You may find solution from https://github.com/apache/spark/pull/45154

pan3793 avatar Apr 08 '24 03:04 pan3793

Hi, @pan3793, I have browsed through what was done in https://github.com/apache/spark/pull/45154, which mainly accomplished the replacement of Jakrata to Javax namespaces in Spark-master, and indeed could be the main cause of this CI error.

I tried to make some changes locally and found that there are currently some compilation issues mainly with the web related code under Kyuubi Project Engine Spark SQL module.

In some implementations of the module, Kyuubi uses e.g. the javax.servlet.http.HttpServletRequest class, which leads to incompatibility when compiling with the latest Spark, which uses web-related class under jakarta namespace.

But after modifying it to jakarta, other versions of Spark CI under Kyuubi reported the error again.

It seems that javax and jakarta are difficult to deal with in the current scenario to pass all CI because Kyuubi uses classes such as WebUIPage/UIUtils from Spark WebUI, which also import classes in the corresponding namespace?

liuxiaocs7 avatar Apr 09 '24 11:04 liuxiaocs7

We did a similar thing for Flink previously.

Suppose there are incompatible classes in different versions:

package old

class Old {
  OldR method()
}
package new

class New {
  NewR method()
}

Then we can introduce a Shim class to handle it.

package shim

class Shim {
  R method() {
     // dynamically bind the runtime class using reflection.
  }
}

pan3793 avatar Apr 09 '24 11:04 pan3793

Thanks for your help, i'll take a look later~

liuxiaocs7 avatar Apr 09 '24 11:04 liuxiaocs7

@liuxiaocs7 do you have progress on this task? 4.0.0 preview version is on the way, I hope we can fix the compatibility before that.
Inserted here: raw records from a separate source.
(* Let $k\ge 1$ and $n\ge 3$ be integers, let $\alpha<0$ be a real number, and let $G\in T_k(n)$. Then \[{}^0R_{\alpha}(G)\ge k(n-1)^{\alpha}+2(k+1)^{\alpha}+(n-k-2)(k+2)^{\alpha},\] and equality holds if and only if $G=K_k+P_{n-k}$.
   Context: All graphs are finite, simple, undirected and connected. For a graph $G$ and real $\alpha\neq 0$, the zeroth-order general Randić index is ${}^0R_{\alpha}(G)=\sum_{v\in V(G)}d(v)^{\alpha}$, where $d(v)$ is the degree of $v$. A connected graph $G$ is a $k$-generalized quasi tree if there is a subset $V_k\subset V(G)$ with $|V_k|=k$ such that $G-V_k$ is a tree, but for every subset $V_{k-1}\subset V(G)$ with $|V_{k-1}|=k-1$, $G-V_{k-1}$ is not a tree; the vertices of such a $V_k$ are called quasi vertices. $T_k(n)$ denotes the class of $k$-generalized quasi trees of order $n$. For vertex-disjoint graphs $G,H$, the join $G+H$ has vertex set $V(G)\cup V(H)$ and edge set $E(G)\cup E(H)\cup\{uv: u\in V(G), v\in V(H)\}$. $K_k$ is the complete graph on $k$ vertices and $P_m$ is the path on $m$ vertices. *)

theory Defs
  imports Complex_Main
begin

type_synonym 'a graph = "'a set \<times> 'a set set"

definition verts :: "'a graph \<Rightarrow> 'a set" where "verts G = fst G"
definition edges :: "'a graph \<Rightarrow> 'a set set" where "edges G = snd G"

definition simple_graph :: "'a graph \<Rightarrow> bool" where
  "simple_graph G \<longleftrightarrow> finite (verts G) \<and>
     (\<forall>e\<in>edges G. \<exists>u v. u \<noteq> v \<and> u \<in> verts G \<and> v \<in> verts G \<and> e = {u, v})"

definition adj :: "'a graph \<Rightarrow> 'a \<Rightarrow> 'a \<Rightarrow> bool" where
  "adj G u v \<longleftrightarrow> {u, v} \<in> edges G"

definition degree :: "'a graph \<Rightarrow> 'a \<Rightarrow> nat" where
  "degree G v = card {u \<in> verts G. adj G u v}"

definition connected_graph :: "'a graph \<Rightarrow> bool" where
  "connected_graph G \<longleftrightarrow> simple_graph G \<and> verts G \<noteq> {} \<and>
     (\<forall>u\<in>verts G. \<forall>v\<in>verts G. (adj G)\<^sup>*\<^sup>* u v)"

definition is_cycle :: "'a graph \<Rightarrow> 'a list \<Rightarrow> bool" where
  "is_cycle G cs \<longleftrightarrow> length cs \<ge> 3 \<and> distinct cs \<and> set cs \<subseteq> verts G \<and>
     (\<forall>i. Suc i < length cs \<longrightarrow> adj G (cs ! i) (cs ! Suc i)) \<and>
     adj G (last cs) (hd cs)"

definition acyclic_graph :: "'a graph \<Rightarrow> bool" where
  "acyclic_graph G \<longleftrightarrow> (\<nexists>cs. is_cycle G cs)"

definition is_tree :: "'a graph \<Rightarrow> bool" where
  "is_tree G \<longleftrightarrow> connected_graph G \<and> acyclic_graph G"

definition del_verts :: "'a graph \<Rightarrow> 'a set \<Rightarrow> 'a graph" where
  "del_verts G S = (verts G - S, {e \<in> edges G. e \<inter> S = {}})"

definition quasi_tree :: "nat \<Rightarrow> 'a graph \<Rightarrow> bool" where
  "quasi_tree k G \<longleftrightarrow> connected_graph G \<and>
     (\<exists>S. S \<subset> verts G \<and> card S = k \<and> is_tree (del_verts G S)) \<and>
     (\<forall>S. S \<subset> verts G \<and> card S = k - 1 \<longrightarrow> \<not> is_tree (del_verts G S))"

definition T_class :: "nat \<Rightarrow> nat \<Rightarrow> 'a graph set" where
  "T_class k n = {G. quasi_tree k G \<and> card (verts G) = n}"
(* Let $\alpha>1/2$, $c_0>0$, $\delta_n=n^{-\alpha/(2\alpha+1)}$, suppose $p\le Cn\delta_n^2$ for some $C>0$, let $\theta_{*,p}\in\mathbb R^p$ with $\|\theta_{*,p}\|_\alpha\le c_0$, let $\Pi=N(0,n^{-1/(2\alpha+1)}\Sigma_\alpha^{-1})$ on $\mathbb R^p$ and $\mathcal B_{n,r}=\{\theta\in\mathbb R^p:\|\theta-\theta_{*,p}\|\le\delta_n,\|\theta\|_\alpha\le r\}$. Then for any sufficiently large $r\ge\max(4,2c_0)$ there is a constant $c\equiv c(C,\alpha,c_0,r)>0$ such that $\Pi(\mathcal B_{n,r})\ge e^{-cn\delta_n^2}$.
   Context: $\|\cdot\|$ is the Euclidean norm on $\mathbb R^p$, $\|\theta\|_\alpha^2=\sum_{k=1}^pk^{2\alpha}\theta_k^2$, $\Sigma_\alpha=\mathrm{diag}(1,2^{2\alpha},\dots,p^{2\alpha})$. *)

theory Defs
  imports "HOL-Probability.Probability"
begin

text \<open>Vectors in R^p are represented as functions nat => real, with coordinates indexed by 1..p.\<close>

definition rate :: "real \<Rightarrow> nat \<Rightarrow> real" where
  "rate \<alpha> n = real n powr (- \<alpha> / (2 * \<alpha> + 1))"

definition enorm_p :: "nat \<Rightarrow> (nat \<Rightarrow> real) \<Rightarrow> real" where
  "enorm_p p \<theta> = sqrt (\<Sum>k=1..p. (\<theta> k)\<^sup>2)"

definition anorm_p :: "real \<Rightarrow> nat \<Rightarrow> (nat \<Rightarrow> real) \<Rightarrow> real" where
  "anorm_p \<alpha> p \<theta> = sqrt (\<Sum>k=1..p. real k powr (2 * \<alpha>) * (\<theta> k)\<^sup>2)"

text \<open>The Gaussian prior N(0, n^(-1/(2 alpha+1)) Sigma_alpha^(-1)) on R^p: the covariance is
  diagonal with variance n^(-1/(2 alpha+1)) k^(-2 alpha) in coordinate k, so the measure is
  the product of the corresponding one-dimensional normal laws (normal_density takes the
  standard deviation).\<close>
definition prior :: "real \<Rightarrow> nat \<Rightarrow> nat \<Rightarrow> (nat \<Rightarrow> real) measure" where
  "prior \<alpha> n p = PiM {1..p} (\<lambda>k. density lborel
      (normal_density 0 (sqrt (real n powr (- 1 / (2 * \<alpha> + 1)) * real k powr (- 2 * \<alpha>)))))"

definition ballB :: "real \<Rightarrow> nat \<Rightarrow> nat \<Rightarrow> (nat \<Rightarrow> real) \<Rightarrow> real \<Rightarrow> (nat \<Rightarrow> real) set" where
  "ballB \<alpha> n p \<theta>s r = {\<theta> \<in> space (prior \<alpha> n p).
      enorm_p p (\<lambda>k. \<theta> k - \<theta>s k) \<le> rate \<alpha> n \<and> anorm_p \<alpha> p \<theta> \<le> r}"

end

theory Submission
  imports Defs
begin

(*
  The ball B_{n,r} contains the coordinate box of half-width eps = delta_n / sqrt p around
  theta_*: the box has Euclidean radius sqrt p * eps = delta_n, and on it
  |theta|_alpha^2 <= 2 |theta_*|_alpha^2 + 2 p^(2 alpha + 1) eps^2 <= 2 c_0^2 + 2 C^(2 alpha),
  which dictates r_0.  With m = n delta_n^2 = n^(1/(2 alpha + 1)) the prior is the product of the
  centred normal laws with standard deviations sigma_k = 1 / (sqrt m k^alpha), so the box has
  prior mass at least  prod_k 2 eps / (sqrt (2 pi) sigma_k) * exp (- (theta_{*,k}^2 + eps^2) / sigma_k^2).
  The exponent is at most m (c_0^2 + C^(2 alpha)); in the prefactor, log p! >= p log p - p and
  p log (p / m) >= p - m reduce everything to exp (- O(m)), using alpha >= 1/2.
*)

lemma square_le_of_dist_le:
  fixes x a \<epsilon> :: real
  assumes "\<bar>x - a\<bar> \<le> \<epsilon>"
  shows "x\<^sup>2 \<le> 2 * (a\<^sup>2 + \<epsilon>\<^sup>2)"
proof -
  have "x\<^sup>2 \<le> (\<bar>a\<bar> + \<epsilon>)\<^sup>2"
    using assms by (intro abs_le_square_iff[THEN iffD1]) auto
  also have "\<dots> \<le> 2 * (a\<^sup>2 + \<epsilon>\<^sup>2)"
    using sum_squares_bound[of "\<bar>a\<bar>" \<epsilon>] by (simp add: power2_eq_square algebra_simps)
  finally show ?thesis .
qed

lemma powr_power2: "((x::real) powr a)\<^sup>2 = x powr (2 * a)"
  unfolding power2_eq_square by (simp flip: powr_add)

lemma sum_powr_le:
  fixes a :: real
  assumes "a \<ge> 0"
  shows "(\<Sum>k=1..p. real k powr a) \<le> real p powr (a + 1)"
proof -
  have "(\<Sum>k=1..p. real k powr a) \<le> (\<Sum>k=1..p. real p powr a)"
    using assms by (intro sum_mono powr_mono2) auto
  also have "\<dots> = real p powr (a + 1)"
    by (simp add: powr_add)
  finally show ?thesis .
qed

lemma power_div_fact_le_exp:
  fixes x :: real
  assumes "x \<ge> 0"
  shows "x ^ n / fact n \<le> exp x"
proof -
  have series: "(\<lambda>k. x ^ k / fact k) sums exp x"
    using exp_converges[of x] by (simp add: divide_inverse_commute)
  have "(\<Sum>k\<in>{n}. x ^ k / fact k) \<le> (\<Sum>k. x ^ k / fact k)"
    using assms series by (intro sum_le_suminf) (auto simp: sums_iff)
  then show ?thesis
    using series by (simp add: sums_iff)
qed

lemma ln_fact_ge: "real n * ln (real n) - real n \<le> ln (fact n)"
proof (cases "n = 0")
  case False
  have "real n ^ n / fact n \<le> exp (real n)"
    by (rule power_div_fact_le_exp) simp
  then have "ln (real n ^ n / fact n) \<le> ln (exp (real n))"
    using False by (intro ln_mono) auto
  then show ?thesis
    using False by (simp add: ln_div ln_realpow)
qed simp

lemma diff_le_mult_ln_ratio:
  fixes x y :: real
  assumes "x > 0" and "y > 0"
  shows "x - y \<le> x * (ln x - ln y)"
proof -
  have "ln (y / x) \<le> y / x - 1"
    using assms by (intro ln_le_minus_one) simp
  then have "x * ln (y / x) \<le> x * (y / x - 1)"
    using assms(1) by (intro mult_left_mono) auto
  then show ?thesis
    using assms by (simp add: ln_div algebra_simps)
qed

lemma ln_two_div_sqrt_two_pi_ge: "- 1 \<le> ln (2 / sqrt (2 * pi))"
proof -
  have "sqrt (2 * pi) \<le> sqrt 16"
    using pi_less_4 by (intro real_sqrt_le_mono) simp
  then have "1 / 2 \<le> 2 / sqrt (2 * pi)"
    by (simp add: field_simps)
  moreover have "exp (- 1) \<le> (1 / 2 :: real)"
    using exp_ge_add_one_self[of 1] by (simp add: exp_minus field_simps)
  ultimately have "exp (- 1) \<le> 2 / sqrt (2 * pi)"
    by linarith
  then show ?thesis
    by (simp add: ln_ge_iff)
qed

lemma normal_density_ge_on_interval:
  fixes \<sigma> a \<epsilon> x :: real
  assumes "\<sigma> > 0" and "\<bar>x - a\<bar> \<le> \<epsilon>"
  shows "exp (- (a\<^sup>2 + \<epsilon>\<^sup>2) / \<sigma>\<^sup>2) / (sqrt (2 * pi) * \<sigma>) \<le> normal_density 0 \<sigma> x"
proof -
  have "x\<^sup>2 \<le> 2 * (a\<^sup>2 + \<epsilon>\<^sup>2)"
    using assms(2) by (rule square_le_of_dist_le)
  then have "x\<^sup>2 / 2 / \<sigma>\<^sup>2 \<le> (a\<^sup>2 + \<epsilon>\<^sup>2) / \<sigma>\<^sup>2"
    by (intro divide_right_mono) auto
  then have "exp (- (a\<^sup>2 + \<epsilon>\<^sup>2) / \<sigma>\<^sup>2) \<le> exp (- x\<^sup>2 / (2 * \<sigma>\<^sup>2))"
    unfolding exp_le_cancel_iff minus_divide_left[symmetric] by simp
  then show ?thesis
    using assms(1) by (simp add: normal_density_def real_sqrt_mult divide_right_mono)
qed

lemma emeasure_normal_interval_ge:
  fixes \<sigma> a \<epsilon> :: real
  assumes "\<sigma> > 0" and "\<epsilon> \<ge> 0"
  shows "ennreal (2 * \<epsilon> / (sqrt (2 * pi) * \<sigma>) * exp (- (a\<^sup>2 + \<epsilon>\<^sup>2) / \<sigma>\<^sup>2))
    \<le> emeasure (density lborel (normal_density 0 \<sigma>)) {a - \<epsilon> .. a + \<epsilon>}"
proof -
  define h where "h = exp (- (a\<^sup>2 + \<epsilon>\<^sup>2) / \<sigma>\<^sup>2) / (sqrt (2 * pi) * \<sigma>)"
  have "h \<ge> 0" using assms(1) by (simp add: h_def)
  then have "ennreal (2 * \<epsilon> * h) = ennreal h * emeasure lborel {a - \<epsilon> .. a + \<epsilon>}"
    using assms(2) by (simp add: ennreal_mult mult.commute)
  also have "\<dots> = (\<integral>\<^sup>+ x. ennreal h * indicator {a - \<epsilon> .. a + \<epsilon>} x \<partial>lborel)"
    by (simp add: nn_integral_cmult_indicator)
  also have "\<dots> \<le> (\<integral>\<^sup>+ x. ennreal (normal_density 0 \<sigma> x) * indicator {a - \<epsilon> .. a + \<epsilon>} x \<partial>lborel)"
    using normal_density_ge_on_interval[OF assms(1)]
    by (intro nn_integral_mono) (auto simp: h_def indicator_def abs_le_iff)
  finally show ?thesis
    by (simp add: emeasure_density h_def mult.assoc)
qed

lemma measure_normal_box_ge:
  fixes \<sigma> a :: "'i \<Rightarrow> real" and \<epsilon> :: real
  assumes "finite I" and \<sigma>: "\<And>k. k \<in> I \<Longrightarrow> \<sigma> k > 0" and "\<epsilon> \<ge> 0"
  shows "(\<Prod>k\<in>I. 2 * \<epsilon> / (sqrt (2 * pi) * \<sigma> k)) * exp (- (\<Sum>k\<in>I. ((a k)\<^sup>2 + \<epsilon>\<^sup>2) / (\<sigma> k)\<^sup>2))
    \<le> measure (PiM I (\<lambda>k. density lborel (normal_density 0 (\<sigma> k)))) (PiE I (\<lambda>k. {a k - \<epsilon> .. a k + \<epsilon>}))"
proof -
  define M where "M k = density lborel (normal_density 0 (\<sigma> k))" for k
  define box where "box k = {a k - \<epsilon> .. a k + \<epsilon>}" for k
  define L where "L k = 2 * \<epsilon> / (sqrt (2 * pi) * \<sigma> k) * exp (- ((a k)\<^sup>2 + \<epsilon>\<^sup>2) / (\<sigma> k)\<^sup>2)" for k
  have prob: "prob_space (M k)" if "k \<in> I" for k
    unfolding M_def using \<sigma>[OF that] by (rule prob_space_normal_density)
  interpret PiM: prob_space "PiM I M"
    using prob by (intro prob_space_PiM) auto
  have "(\<Prod>k\<in>I. 2 * \<epsilon> / (sqrt (2 * pi) * \<sigma> k)) * exp (- (\<Sum>k\<in>I. ((a k)\<^sup>2 + \<epsilon>\<^sup>2) / (\<sigma> k)\<^sup>2))
      = (\<Prod>k\<in>I. L k)"
    unfolding L_def prod.distrib sum_negf[symmetric] exp_sum[OF \<open>finite I\<close>] minus_divide_left ..
  also have "ennreal (\<Prod>k\<in>I. L k) = (\<Prod>k\<in>I. ennreal (L k))"
    using \<sigma> \<open>\<epsilon> \<ge> 0\<close> by (intro prod_ennreal[symmetric]) (auto simp: L_def less_imp_le)
  also have "\<dots> \<le> (\<Prod>k\<in>I. emeasure (M k) (box k))"
    unfolding L_def M_def box_def
    using \<sigma> \<open>\<epsilon> \<ge> 0\<close> by (intro prod_mono_ennreal emeasure_normal_interval_ge) auto
  also have "\<dots> = emeasure (PiM I M) (prod_emb I M I (PiE I box))"
    using prob \<open>finite I\<close> by (intro emeasure_PiM_emb[symmetric]) (auto simp: box_def M_def)
  also have "\<dots> = ennreal (measure (PiM I M) (PiE I box))"
    by (simp add: prod_emb_id box_def M_def PiM.emeasure_eq_measure)
  finally show ?thesis
    unfolding M_def box_def by (simp add: ennreal_le_iff)
qed

lemma gaussian_prefactor_ge:
  fixes \<alpha> m \<epsilon> :: real and p :: nat
  assumes "\<alpha> \<ge> 1/2" and "m > 0" and "p \<ge> 1" and \<epsilon>: "\<epsilon> = m powr (- \<alpha>) / sqrt p"
  shows "exp (- (1 + \<alpha>) * p - (\<alpha> - 1/2) * m) \<le> (2 * \<epsilon> * sqrt m / sqrt (2 * pi)) ^ p * fact p powr \<alpha>"
proof -
  define q where "q = 2 * \<epsilon> * sqrt m / sqrt (2 * pi)"
  have "q > 0"
    using assms by (simp add: q_def)
  have ln_q: "ln q = ln (2 / sqrt (2 * pi)) + (1/2 - \<alpha>) * ln m - ln p / 2"
    using assms by (simp add: q_def \<epsilon> ln_mult ln_div ln_sqrt ln_powr algebra_simps)
  have ratio: "(\<alpha> - 1/2) * (p - m) \<le> (\<alpha> - 1/2) * (p * (ln p - ln m))"
    using diff_le_mult_ln_ratio[of p m] assms by (intro mult_left_mono) auto
  have "0 \<le> (\<alpha> - 1/2) * p"
    using assms(1) by simp
  then have "- (1 + \<alpha>) * p - (\<alpha> - 1/2) * m \<le> - (1 + \<alpha>) * p + (\<alpha> - 1/2) * (p * (ln p - ln m))"
    using ratio by (simp add: right_diff_distrib)
  also have "\<dots> \<le> p * ln q + \<alpha> * ln (fact p)"
  proof -
    have "- real p \<le> p * ln (2 / sqrt (2 * pi))"
      using ln_two_div_sqrt_two_pi_ge mult_left_mono[of "-1" _ "real p"] by simp
    moreover have "\<alpha> * (p * ln p - p) \<le> \<alpha> * ln (fact p)"
      using ln_fact_ge[of p] assms(1) by (intro mult_left_mono) auto
    ultimately show ?thesis
      unfolding ln_q by (simp add: algebra_simps)
  qed
  also have "\<dots> = ln (q ^ p * fact p powr \<alpha>)"
    using \<open>q > 0\<close> by (simp add: ln_mult ln_realpow ln_powr)
  finally show ?thesis
    using \<open>q > 0\<close> by (simp add: q_def ln_ge_iff)
qed
lemma ball_rw_prob_le_below:
  assumes "d \<ge> 2" "N \<ge> 1" and v: "tree_vert d v" "length v \<le> j" and y: "tree_vert d y" "length y \<le> N"
    and "j \<le> length y"
  shows "rw_prob (ball_edge d N) t v y \<le> 2 * (real d + 1) * real d ^ j / real d ^ N + contraction_rate d ^ t * (3/2) ^ N"
proof -
  define k where "k = length y - j"
  have pos: "1 \<le> real d ^ k" "0 \<le> contraction_rate d"
    using assms contraction_rate_bounds[OF \<open>d \<ge> 2\<close>] by auto
  have "real d ^ k * rw_prob (ball_edge d N) t v y
      \<le> 2 * (real d + 1) * real d ^ (j + k) / real d ^ N + contraction_rate d ^ t * (3/2) ^ N"
    using rw_prob_le_level_mass_below[OF y(1) \<open>j \<le> length y\<close> v(2), of N t]
      level_mass_le[OF \<open>d \<ge> 2\<close> \<open>N \<ge> 1\<close> v(1), of t "length y"] assms
    by (simp add: k_def)
  also have "\<dots> = real d ^ k * (2 * (real d + 1) * real d ^ j / real d ^ N)
                 + 1 * (contraction_rate d ^ t * (3/2) ^ N)"
    by (simp add: power_add)
  also have "\<dots> \<le> real d ^ k * (2 * (real d + 1) * real d ^ j / real d ^ N)
                 + real d ^ k * (contraction_rate d ^ t * (3/2) ^ N)"
    using pos by (intro add_left_mono mult_right_mono) auto
  finally have "real d ^ k * rw_prob (ball_edge d N) t v y
      \<le> real d ^ k * (2 * (real d + 1) * real d ^ j / real d ^ N + contraction_rate d ^ t * (3/2) ^ N)"
    by (simp only: distrib_left)
  then show ?thesis using pos(1) \<open>d \<ge> 2\<close> by (subst (asm) mult_le_cancel_left_pos) auto
qed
pan3793 avatar Apr 17 '24 09:04 pan3793

@liuxiaocs7 do you have progress on this task? 4.0.0 preview version is on the way, I hope we can fix the compatibility before that.

Sorry for late, yes, in progress.

liuxiaocs7 avatar Apr 18 '24 01:04 liuxiaocs7

Revoked as no progress for a while, Spark 4.0.0-preview1 is on the way, I'm working on this.

pan3793 avatar May 20 '24 13:05 pan3793

Escalate task level to medium, I almost fixed it via the following PRs:

  • #6392
  • #6397
  • #6398
  • #6399
  • #6404
  • #6405
  • #6413
  • #6415
  • #6416
  • #6417
  • #6424
  • #6425

pan3793 avatar May 21 '24 14:05 pan3793

Daily test with the Apache Spark master branch is green, close as completed. https://github.com/apache/kyuubi/actions/workflows/nightly.yml

image

pan3793 avatar May 30 '24 04:05 pan3793